=== What is required ===
Please show all lines of the records that include "assumes".

[Collected data entries]
########
(* Let $\tau>1$, let $\kappa\ge3$ be an integer and let $x^\dagger\in\mathcal X$ satisfy $\bar k^\delta_{\mathrm{pr}}(x^\dagger)\ge\kappa$. Then on the event $\Omega_\kappa$, writing $k^\delta_{\mathrm{pr}}=k^\delta_{\mathrm{pr}}(x^\dagger)$, $$\sum_{j=k^\delta_{\mathrm{dp}}+1}^{k^\delta_{\mathrm{pr}}}(y^\dagger,u_j)^2\le\frac{(3\tau+1)^2}{4}\,k^\delta_{\mathrm{pr}}\,\delta^2,$$ where the sum is $0$ if $k^\delta_{\mathrm{dp}}\ge k^\delta_{\mathrm{pr}}$.
   Context: Setting: $K:\mathcal X\to\mathcal Y$ compact injective with dense range between infinite-dimensional real separable Hilbert spaces, singular system $(\sigma_j,v_j,u_j)$ ($(v_j),(u_j)$ orthonormal bases, $\sigma_1\ge\sigma_2\ge\dots>0$, $Kv_j=\sigma_ju_j$, $K^*u_j=\sigma_jv_j$); $y^\dagger=Kx^\dagger$, $\delta>0$, data $(y^\delta,u_j):=(y^\dagger,u_j)+\delta(Z,u_j)$ with real random variables $(Z,u_j)$. For $m\in\mathbb N$: $k^\delta_{\mathrm{dp}}(m):=\min\{k\in\{0,\dots,m\}:\sqrt{\sum_{j=k+1}^m(y^\delta,u_j)^2}\le\tau\sqrt m\,\delta\}$, $k^\delta_{\mathrm{dp}}:=\sup_{m\in\mathbb N}k^\delta_{\mathrm{dp}}(m)$. With $\min\emptyset=\infty$: $k^\delta_{\mathrm{pr}}(x^\dagger):=\min\{k\in\mathbb N_0:\sum_{j=1}^k(y^\delta-y^\dagger,u_j)^2\ge\sum_{j=k+1}^\infty(y^\dagger,u_j)^2\}$, $\bar k^\delta_{\mathrm{pr}}(x^\dagger):=\min\{k\in\mathbb N_0:\delta^2k\ge\sum_{j=k+1}^\infty(y^\dagger,u_j)^2\}$. With $\varepsilon_\tau:=\min\big(\frac{(\tau+1)^2}{4}-1,\frac13\big)$, $$\Omega_\kappa:=\Big\{\Big|\sum_{j=1}^m(y^\delta-y^\dagger,u_j)^2-m\delta^2\Big|\le\varepsilon_\tau m\delta^2\ \text{for all integers } m\ge\kappa/3\Big\}.$$ *)

theory Defs
  imports "HOL-Analysis.Analysis" "HOL-Library.Extended_Nat"
begin

text \<open>Coefficient sequences are indexed by j = 1, 2, ...; the value at index 0 is never used.
  yd j stands for the data coefficient (y^delta, u_j), c j for (y^dagger, u_j).\<close>

definition compact_op :: "('a::real_normed_vector \<Rightarrow> 'b::real_normed_vector) \<Rightarrow> bool" where
  "compact_op K \<longleftrightarrow> bounded_linear K \<and> (\<forall>S. bounded S \<longrightarrow> compact (closure (K ` S)))"

definition k_dp_m :: "real \<Rightarrow> real \<Rightarrow> (nat \<Rightarrow> real) \<Rightarrow> nat \<Rightarrow> nat" where
  "k_dp_m \<tau> \<delta> yd m =
     (LEAST k. k \<le> m \<and> sqrt (\<Sum>j\<in>{k+1..m}. (yd j)\<^sup>2) \<le> \<tau> * sqrt (real m) * \<delta>)"

definition k_dp :: "real \<Rightarrow> real \<Rightarrow> (nat \<Rightarrow> real) \<Rightarrow> enat" where
  "k_dp \<tau> \<delta> yd = (SUP m\<in>{1..}. enat (k_dp_m \<tau> \<delta> yd m))"

definition tail_sq :: "(nat \<Rightarrow> real) \<Rightarrow> nat \<Rightarrow> real" where
  "tail_sq c k = (\<Sum>i. (c (i + k + 1))\<^sup>2)"

definition min_inf :: "(nat \<Rightarrow> bool) \<Rightarrow> enat" where
  "min_inf P = (if \<exists>k. P k then enat (LEAST k. P k) else \<infinity>)"

definition k_pr :: "(nat \<Rightarrow> real) \<Rightarrow> (nat \<Rightarrow> real) \<Rightarrow> enat" where
  "k_pr yd c = min_inf (\<lambda>k. (\<Sum>j\<in>{1..k}. (yd j - c j)\<^sup>2) \<ge> tail_sq c k)"

definition k_pr_bar :: "real \<Rightarrow> (nat \<Rightarrow> real) \<Rightarrow> enat" where
  "k_pr_bar \<delta> c = min_inf (\<lambda>k. \<delta>\<^sup>2 * real k \<ge> tail_sq c k)"

definition eps_tau :: "real \<Rightarrow> real" where
  "eps_tau \<tau> = min ((\<tau> + 1)\<^sup>2 / 4 - 1) (1/3)"

definition Omega :: "real \<Rightarrow> real \<Rightarrow> nat \<Rightarrow> (nat \<Rightarrow> real) \<Rightarrow> (nat \<Rightarrow> real) \<Rightarrow> bool" where
  "Omega \<tau> \<delta> \<kappa> yd c \<longleftrightarrow>
     (\<forall>m::nat. real m \<ge> real \<kappa> / 3 \<longrightarrow>
        \<bar>(\<Sum>j\<in>{1..m}. (yd j - c j)\<^sup>2) - real m * \<delta>\<^sup>2\<bar> \<le> eps_tau \<tau> * real m * \<delta>\<^sup>2)"

end

theory Submission
  imports Defs
begin

text \<open>Only square summability of the exact coefficients \<open>c\<^sub>j = (y\<^sup>\<dagger>, u\<^sub>j)\<close> matters. On \<open>\<Omega>\<^sub>\<kappa>\<close> the noise energy of the first m coefficients is
  \<open>(1 \<plusminus> \<epsilon>\<^sub>\<tau>) m \<delta>\<^sup>2\<close> for \<open>m \<ge> \<kappa>/3\<close>. As the tail of \<open>c\<close> tends to 0, the stopping index
  \<open>k\<^sub>p\<^sub>r\<close> is finite, and it is at least \<open>\<kappa>/3\<close> because below \<open>\<kappa>\<close> the tail exceeds \<open>\<delta>\<^sup>2 k\<close>.
  The discrepancy principle run on the first \<open>m = k\<^sub>p\<^sub>r\<close> coefficients stops at some
  \<open>k\<^sub>d\<^sub>p(m) \<le> k\<^sub>d\<^sub>p\<close>, and on the coefficients \<open>k\<^sub>d\<^sub>p(m)+1, \<dots>, m\<close> the triangle inequality bounds the
  signal by the residual \<open>\<tau> \<surd>m \<delta>\<close> plus the noise \<open>(\<tau>+1)/2 \<surd>m \<delta>\<close>.\<close>

lemma tail_sq_Suc:
  assumes "summable (\<lambda>j. (c (Suc j))\<^sup>2)"
  shows "tail_sq c (Suc k) = tail_sq c k - (c (Suc k))\<^sup>2"
proof -
  have "summable (\<lambda>i. (c (Suc (i + k)))\<^sup>2)"
    using summable_iff_shift[of "\<lambda>i. (c (Suc i))\<^sup>2" k] assms by simp
  from suminf_split_head[OF this] show ?thesis
    by (simp add: tail_sq_def)
qed

lemma tail_sq_antimono:
  assumes "summable (\<lambda>j. (c (Suc j))\<^sup>2)" and "k \<le> k'"
  shows "tail_sq c k' \<le> tail_sq c k"
proof -
  have "decseq (tail_sq c)"
    by (rule decseq_SucI) (simp add: tail_sq_Suc[OF assms(1)])
  with assms(2) show ?thesis
    by (simp add: decseq_def)
qed

lemma tail_sq_eventually_less:
  assumes "summable (\<lambda>j. (c (Suc j))\<^sup>2)" and "r > 0"
  shows "\<exists>N. \<forall>n\<ge>N. tail_sq c n < r"
proof -
  have "tail_sq c n = (\<Sum>i. (c (Suc (i + n)))\<^sup>2)" for n
    by (simp add: tail_sq_def)
  with suminf_exist_split[OF assms(2,1)] show ?thesis
    by (metis abs_less_iff real_norm_def)
qed

lemma min_inf_eq_Least:
  assumes "P k"
  shows "min_inf P = enat (LEAST k. P k)"
  using assms by (auto simp: min_inf_def)

lemma tail_sq_gt_below_k_pr_bar:
  assumes "k_pr_bar \<delta> c \<ge> enat \<kappa>" and "k < \<kappa>"
  shows "tail_sq c k > \<delta>\<^sup>2 * real k"
proof (rule ccontr)
  assume "\<not> ?thesis"
  then have P: "\<delta>\<^sup>2 * real k \<ge> tail_sq c k" by simp
  then have "\<kappa> \<le> (LEAST k. \<delta>\<^sup>2 * real k \<ge> tail_sq c k)"
    using assms(1) by (simp add: k_pr_bar_def min_inf_eq_Least)
  also have "\<dots> \<le> k" using P by (rule Least_le)
  finally show False using assms(2) by simp
qed

lemma eps_tau_le_third: "eps_tau \<tau> \<le> 1/3"
  by (simp add: eps_tau_def min_def)

lemma one_plus_eps_tau_le: "1 + eps_tau \<tau> \<le> ((\<tau> + 1) / 2)\<^sup>2"
  by (simp add: eps_tau_def min_def power_divide)

lemma Omega_noise_bounds:
  assumes "Omega \<tau> \<delta> \<kappa> (\<lambda>j. c j + e j) c" and "real m \<ge> real \<kappa> / 3"
  shows "(1 - eps_tau \<tau>) * real m * \<delta>\<^sup>2 \<le> (\<Sum>j\<in>{1..m}. (e j)\<^sup>2)"
    and "(\<Sum>j\<in>{1..m}. (e j)\<^sup>2) \<le> (1 + eps_tau \<tau>) * real m * \<delta>\<^sup>2"
  using assms unfolding Omega_def by (auto simp: algebra_simps abs_le_iff)

lemma noise_dominates_tail_eventually:
  assumes "summable (\<lambda>j. (c (Suc j))\<^sup>2)" and "\<delta> > 0"
    and "Omega \<tau> \<delta> \<kappa> (\<lambda>j. c j + e j) c"
  shows "\<exists>k. tail_sq c k \<le> (\<Sum>j\<in>{1..k}. (e j)\<^sup>2)"
proof -
  have "\<delta>\<^sup>2 / 2 > 0" using assms(2) by simp
  then obtain N where N: "\<forall>n\<ge>N. tail_sq c n < \<delta>\<^sup>2 / 2"
    using tail_sq_eventually_less[OF assms(1)] by blast
  define k where "k = max N (max \<kappa> 3)"
  have "N \<le> k" "\<kappa> \<le> k" "3 \<le> k" unfolding k_def by simp_all
  then have k: "real k \<ge> real \<kappa> / 3" "real k \<ge> 3" and small_tail: "tail_sq c k < \<delta>\<^sup>2 / 2"
    using N by simp_all
  note small_tail
  also have "\<delta>\<^sup>2 / 2 \<le> (1 - eps_tau \<tau>) * real k * \<delta>\<^sup>2"
  proof -
    have "2/3 * 3 \<le> (1 - eps_tau \<tau>) * real k"
      by (rule mult_mono) (use eps_tau_le_third[of \<tau>] k(2) in simp_all)
    then have "2 * \<delta>\<^sup>2 \<le> (1 - eps_tau \<tau>) * real k * \<delta>\<^sup>2"
      using mult_right_mono[of _ _ "\<delta>\<^sup>2"] by simp
    then show ?thesis using zero_le_power2[of \<delta>] by linarith
  qed
  also have "\<dots> \<le> (\<Sum>j\<in>{1..k}. (e j)\<^sup>2)" by (rule Omega_noise_bounds(1)[OF assms(3) k(1)])
  finally have "tail_sq c k \<le> (\<Sum>j\<in>{1..k}. (e j)\<^sup>2)" by simp
  then show ?thesis ..
qed

lemma k_pr_eq_Least:
  assumes "summable (\<lambda>j. (c (Suc j))\<^sup>2)" and "\<delta> > 0"
    and "Omega \<tau> \<delta> \<kappa> (\<lambda>j. c j + e j) c"
  shows "k_pr (\<lambda>j. c j + e j) c = enat (LEAST k. tail_sq c k \<le> (\<Sum>j\<in>{1..k}. (e j)\<^sup>2))"
proof -
  obtain k where "tail_sq c k \<le> (\<Sum>j\<in>{1..k}. (e j)\<^sup>2)"
    using noise_dominates_tail_eventually[OF assms] ..
  then show ?thesis
    unfolding k_pr_def add_diff_cancel_left' by (rule min_inf_eq_Least)
qed

lemma ceiling_div3_bounds:
  fixes \<kappa> :: nat
  assumes "\<kappa> \<ge> 3"
  shows "\<kappa> \<le> 3 * ((\<kappa> + 2) div 3)" and "4 * ((\<kappa> + 2) div 3) \<le> 3 * (\<kappa> - 1)"
proof -
  have m0: "3 * ((\<kappa> + 2) div 3) + (\<kappa> + 2) mod 3 = \<kappa> + 2" "(\<kappa> + 2) mod 3 < 3"
    by simp_all
  then show "\<kappa> \<le> 3 * ((\<kappa> + 2) div 3)" by linarith
  show "4 * ((\<kappa> + 2) div 3) \<le> 3 * (\<kappa> - 1)"
  proof (cases "\<kappa> = 3")
    case False
    then show ?thesis using m0 assms by linarith
  qed simp
qed

text \<open>The witness \<open>m\<^sub>0 = \<lceil>\<kappa>/3\<rceil>\<close> lies in the range of \<open>\<Omega>\<^sub>\<kappa>\<close> and satisfies \<open>4 m\<^sub>0 \<le> 3 (\<kappa> - 1)\<close>
  (here \<open>\<kappa> \<ge> 3\<close> is needed), so \<open>(1 + \<epsilon>\<^sub>\<tau>) m\<^sub>0 \<delta>\<^sup>2 \<le> \<delta>\<^sup>2 (\<kappa> - 1) < tail(\<kappa> - 1)\<close>.\<close>
lemma noise_dominates_tail_imp_ge_third:
  assumes "summable (\<lambda>j. (c (Suc j))\<^sup>2)" and "\<kappa> \<ge> 3"
    and "k_pr_bar \<delta> c \<ge> enat \<kappa>" and "Omega \<tau> \<delta> \<kappa> (\<lambda>j. c j + e j) c"
    and dominates: "tail_sq c k \<le> (\<Sum>j\<in>{1..k}. (e j)\<^sup>2)"
  shows "real k \<ge> real \<kappa> / 3"
proof (rule ccontr)
  assume "\<not> ?thesis"
  then have small: "3 * k < \<kappa>" by linarith
  define m0 where "m0 = (\<kappa> + 2) div 3"
  have "3 * m0 \<ge> \<kappa>" and m0_le: "4 * m0 \<le> 3 * (\<kappa> - 1)"
    unfolding m0_def using ceiling_div3_bounds[OF assms(2)] by simp_all
  then have m0: "real m0 \<ge> real \<kappa> / 3" "k \<le> m0" using small by linarith+
  have "\<delta>\<^sup>2 * real (\<kappa> - 1) < tail_sq c (\<kappa> - 1)"
    by (rule tail_sq_gt_below_k_pr_bar[OF assms(3)]) (use assms(2) in simp)
  also have "\<dots> \<le> tail_sq c k" using tail_sq_antimono[OF assms(1)] small by simp
  also have "\<dots> \<le> (\<Sum>j\<in>{1..k}. (e j)\<^sup>2)" by (rule dominates)
  also have "\<dots> \<le> (\<Sum>j\<in>{1..m0}. (e j)\<^sup>2)"
    by (intro sum_mono2) (use m0(2) in auto)
  also have "\<dots> \<le> (1 + eps_tau \<tau>) * real m0 * \<delta>\<^sup>2"
    by (rule Omega_noise_bounds(2)[OF assms(4) m0(1)])
  also have "\<dots> \<le> (4/3) * real m0 * \<delta>\<^sup>2"
    using eps_tau_le_third[of \<tau>] by (intro mult_right_mono) auto
  also have "\<dots> \<le> \<delta>\<^sup>2 * real (\<kappa> - 1)"
  proof -
    have "(4/3) * real m0 * \<delta>\<^sup>2 \<le> real (\<kappa> - 1) * \<delta>\<^sup>2"
      by (rule mult_right_mono) (use m0_le in linarith, simp)
    then show ?thesis by (simp only: mult.commute[of "\<delta>\<^sup>2" "real (\<kappa> - 1)"])
  qed
  finally show False by simp
qed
########
=== Written reply ===
  assumes "summable (\<lambda>j. (c (Suc j))\<^sup>2)"
  assumes "summable (\<lambda>j. (c (Suc j))\<^sup>2)" and "k \<le> k'"
  assumes "summable (\<lambda>j. (c (Suc j))\<^sup>2)" and "r > 0"
  assumes "P k"
  assumes "k_pr_bar \<delta> c \<ge> enat \<kappa>" and "k < \<kappa>"
  assumes "Omega \<tau> \<delta> \<kappa> (\<lambda>j. c j + e j) c" and "real m \<ge> real \<kappa> / 3"
  assumes "summable (\<lambda>j. (c (Suc j))\<^sup>2)" and "\<delta> > 0"
  assumes "summable (\<lambda>j. (c (Suc j))\<^sup>2)" and "\<delta> > 0"
  assumes "\<kappa> \<ge> 3"
  assumes "summable (\<lambda>j. (c (Suc j))\<^sup>2)" and "\<kappa> \<ge> 3"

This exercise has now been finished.